* Records for this task:
lemma int_recurrence_unique:
  fixes f g :: "int \<Rightarrow> 'a::comm_ring_1"
  assumes f: "\<And>n. f (n + 1) = c * f n - f (n - 1)"
    and g: "\<And>n. g (n + 1) = c * g n - g (n - 1)"
    and "f 0 = g 0" "f 1 = g 1"
  shows "f n = g n"
proof -
  have "f n = g n \<and> f (n + 1) = g (n + 1)"
  proof (induction n rule: int_induct[where k = 0])
    case base
    then show ?case using assms(3,4) by simp
  next
    case (step1 i)
    then show ?case using f[of "i + 1"] g[of "i + 1"] by simp
  next
    case (step2 i)
    have "f (i - 1) = c * f i - f (i + 1)" "g (i - 1) = c * g i - g (i + 1)"
      using f[of i] g[of i] by (simp_all add: algebra_simps)
    with step2 show ?case by simp
  qed
  then show ?thesis ..
qed

lemma chebU_add:
  "chebU (m + n) x = chebU m x * chebU n x - chebU (m - 1) x * chebU (n - 1) x"
proof (rule int_recurrence_unique[where c = "2 * x" and f = "\<lambda>n. chebU (m + n) x"
      and g = "\<lambda>n. chebU m x * chebU n x - chebU (m - 1) x * chebU (n - 1) x"])
  show "chebU (m + (n + 1)) x = 2 * x * chebU (m + n) x - chebU (m + (n - 1)) x" for n
    using chebU_rec[of "m + n" x] by (simp add: algebra_simps)
next
  fix n
  have "chebU m x * chebU (n + 1) x - chebU (m - 1) x * chebU (n + 1 - 1) x
      = chebU m x * (2 * x * chebU n x - chebU (n - 1) x)
        - chebU (m - 1) x * (2 * x * chebU (n - 1) x - chebU (n - 1 - 1) x)"
    using chebU_rec[of n x] chebU_rec[of "n - 1" x] by simp
  also have "\<dots> = 2 * x * (chebU m x * chebU n x - chebU (m - 1) x * chebU (n - 1) x)
      - (chebU m x * chebU (n - 1) x - chebU (m - 1) x * chebU (n - 1 - 1) x)"
    by (simp add: algebra_simps)
  finally show "chebU m x * chebU (n + 1) x - chebU (m - 1) x * chebU (n + 1 - 1) x
      = 2 * x * (chebU m x * chebU n x - chebU (m - 1) x * chebU (n - 1) x)
        - (chebU m x * chebU (n - 1) x - chebU (m - 1) x * chebU (n - 1 - 1) x)" .
qed (simp_all add: chebU_rec[of m x] mult.commute)

lemma chebU_cassini: "chebU n x ^ 2 - chebU (n - 1) x * chebU (n + 1) x = 1"
proof -
  have "- (n - 1) - 2 = - n - 1" by simp
  then have "chebU (- n - 1) x = - chebU (n - 1) x"
    using chebU_reflect[of "n - 1" x] by (simp only:)
  moreover have "n + 1 + (- n - 1) = 0" "n + 1 - 1 = n" "- n - 1 - 1 = - n - 2" by simp_all
  then have "chebU 0 x = chebU (n + 1) x * chebU (- n - 1) x - chebU n x * chebU (- n - 2) x"
    using chebU_add[of "n + 1" "- n - 1" x] by (simp only:)
  ultimately have "1 = chebU (n + 1) x * - chebU (n - 1) x - chebU n x * - chebU n x"
    by (simp only: chebU_reflect chebU_0)
  then show ?thesis by (simp add: power2_eq_square algebra_simps)
qed

lemma chebU_double_factor:
  fixes x s :: "'a::idom"
  assumes "s * s = 1"
  shows "chebU (2 * n) x = (chebU n x + s * chebU (n - 1) x) * (chebU n x - s * chebU (n - 1) x)"
proof -
  have "2 * n = n + n" by simp
  then have "chebU (2 * n) x = chebU n x * chebU n x - chebU (n - 1) x * chebU (n - 1) x"
    using chebU_add[of n n x] by (simp only:)
  with assms show ?thesis by algebra
qed

lemma chebU_double_pred_factor:
  fixes x s :: "'a::idom"
  assumes "s * s = 1"
  shows "2 * x - s * chebU (2 * n - 2) x
    = - s * (chebU (n - 2) x + s * chebU (n - 3) x) * (chebU n x - s * chebU (n - 1) x)"
proof -
  have "2 * n - 2 = (n - 1) + (n - 1)" "n - 1 - 1 = n - 2" "n - 2 - 1 = n - 3" "n - 2 + 1 = n - 1"
    by simp_all
  then have "chebU (2 * n - 2) x = chebU (n - 1) x * chebU (n - 1) x - chebU (n - 2) x * chebU (n - 2) x"
    and "chebU (n - 2) x ^ 2 - chebU (n - 3) x * chebU (n - 1) x = 1"
    using chebU_add[of "n - 1" "n - 1" x] chebU_cassini[of "n - 2" x] by (simp_all only:)
  moreover have "chebU n x = 2 * x * chebU (n - 1) x - chebU (n - 2) x"
    using chebU_rec[of "n - 1" x] by simp
  moreover have "chebU (n - 1) x = 2 * x * chebU (n - 2) x - chebU (n - 3) x"
    using chebU_rec[of "n - 2" x] by simp
  ultimately show ?thesis using assms by algebra
qed

definition alt_seqs_ending :: "nat \<Rightarrow> nat \<Rightarrow> nat \<Rightarrow> int list set" where
  "alt_seqs_ending n k j = {a \<in> alt_seqs n k. a \<noteq> [] \<and> last a = int j}"

lemma finite_alt_seqs: "finite (alt_seqs n k)"
proof (rule finite_subset)
  show "alt_seqs n k \<subseteq> {a. set a \<subseteq> {1..int k} \<and> length a = n}"
    by (auto simp: alt_seqs_def in_set_conv_nth)
qed (rule finite_lists_length_eq, simp)

lemma finite_alt_seqs_ending: "finite (alt_seqs_ending n k j)"
  using finite_alt_seqs by (simp add: alt_seqs_ending_def)

lemma last_alt_seqs_bounds:
  assumes "a \<in> alt_seqs n k" "a \<noteq> []"
  shows "1 \<le> last a \<and> last a \<le> int k"
  using assms by (auto simp: alt_seqs_def last_conv_nth)

lemma alt_seqs_ending_0 [simp]: "alt_seqs_ending n k 0 = {}"
  using last_alt_seqs_bounds by (fastforce simp: alt_seqs_ending_def)

lemma alt_seqs_ending_Nil [simp]: "alt_seqs_ending 0 k j = {}"
  by (simp add: alt_seqs_ending_def alt_seqs_def)

lemma alt_seqs_ending_Suc_0: "alt_seqs_ending (Suc 0) k j = (if 1 \<le> j \<and> j \<le> k then {[int j]} else {})"
  by (auto simp: alt_seqs_ending_def alt_seqs_def length_Suc_conv)

lemma snoc_in_alt_seqs_iff:
  assumes "length b = Suc m"
  shows "b @ [v] \<in> alt_seqs (Suc (Suc m)) k \<longleftrightarrow>
    b \<in> alt_seqs (Suc m) k \<and> 1 \<le> v \<and> v \<le> int k \<and> (if even m then last b \<le> v else v \<le> last b)"
proof -
  have "last b = b ! m" using assms by (subst last_conv_nth) auto
  then show ?thesis
    using assms by (auto simp: alt_seqs_def All_less_Suc nth_append)
qed

lemma alt_seqs_ending_Suc_Suc:
  assumes "1 \<le> j" "j \<le> k"
  shows "alt_seqs_ending (Suc (Suc m)) k j = (\<lambda>b. b @ [int j]) `
    (\<Union>i \<in> (if even m then {1..j} else {j..k}). alt_seqs_ending (Suc m) k i)"
    (is "_ = _ ` (\<Union>i \<in> ?I. _)")
proof (intro equalityI subsetI)
  fix a
  assume a: "a \<in> alt_seqs_ending (Suc (Suc m)) k j"
  then have "length a = Suc (Suc m)" "last a = int j"
    by (simp_all add: alt_seqs_ending_def alt_seqs_def)
  define b where "b = butlast a"
  have b: "a = b @ [int j]" "length b = Suc m"
    using \<open>length a = Suc (Suc m)\<close> \<open>last a = int j\<close> unfolding b_def
    by (metis append_butlast_last_id list.size(3) nat.distinct(1), simp)
  with a have b_alt: "b \<in> alt_seqs (Suc m) k" and b_last: "if even m then last b \<le> int j else int j \<le> last b"
    using snoc_in_alt_seqs_iff[of b m "int j" k] by (auto simp: alt_seqs_ending_def)
  have "b \<noteq> []" using b(2) by auto
  define i where "i = nat (last b)"
  have i: "last b = int i" "1 \<le> i" "i \<le> k"
    using last_alt_seqs_bounds[OF b_alt \<open>b \<noteq> []\<close>] by (auto simp: i_def)
  then have "i \<in> ?I" using b_last assms by auto
  moreover have "b \<in> alt_seqs_ending (Suc m) k i"
    using b_alt i \<open>b \<noteq> []\<close> by (simp add: alt_seqs_ending_def)
  ultimately show "a \<in> (\<lambda>b. b @ [int j]) ` (\<Union>i \<in> ?I. alt_seqs_ending (Suc m) k i)"
    using b(1) by blast
next
  fix a
  assume "a \<in> (\<lambda>b. b @ [int j]) ` (\<Union>i \<in> ?I. alt_seqs_ending (Suc m) k i)"
  then obtain b i where "a = b @ [int j]" "i \<in> ?I" "b \<in> alt_seqs_ending (Suc m) k i"
    by blast
  moreover have "length b = Suc m"
    using \<open>b \<in> alt_seqs_ending (Suc m) k i\<close> by (simp add: alt_seqs_ending_def alt_seqs_def)
  ultimately show "a \<in> alt_seqs_ending (Suc (Suc m)) k j"
    using snoc_in_alt_seqs_iff[of b m "int j" k] assms
    by (auto simp: alt_seqs_ending_def split: if_splits)
qed

lemma card_alt_seqs_ending_Suc_Suc:
  assumes "1 \<le> j" "j \<le> k"
  shows "card (alt_seqs_ending (Suc (Suc m)) k j) =
    (\<Sum>i \<in> (if even m then {1..j} else {j..k}). card (alt_seqs_ending (Suc m) k i))"
proof -
  have "card (alt_seqs_ending (Suc (Suc m)) k j) =
      card (\<Union>i \<in> (if even m then {1..j} else {j..k}). alt_seqs_ending (Suc m) k i)"
    unfolding alt_seqs_ending_Suc_Suc[OF assms] by (rule card_image) (simp add: inj_on_def)
  also have "\<dots> = (\<Sum>i \<in> (if even m then {1..j} else {j..k}). card (alt_seqs_ending (Suc m) k i))"
    by (rule card_UN_disjoint) (use finite_alt_seqs_ending in \<open>auto simp: alt_seqs_ending_def\<close>)
  finally show ?thesis .
qed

* Task goal: Scan the entries above for the word "rule", then copy every line in which it occurs.

* Result of the exercise:
  proof (induction n rule: int_induct[where k = 0])
proof (rule int_recurrence_unique[where c = "2 * x" and f = "\<lambda>n. chebU (m + n) x"
proof (rule finite_subset)
qed (rule finite_lists_length_eq, simp)
    unfolding alt_seqs_ending_Suc_Suc[OF assms] by (rule card_image) (simp add: inj_on_def)
    by (rule card_UN_disjoint) (use finite_alt_seqs_ending in \<open>auto simp: alt_seqs_ending_def\<close>)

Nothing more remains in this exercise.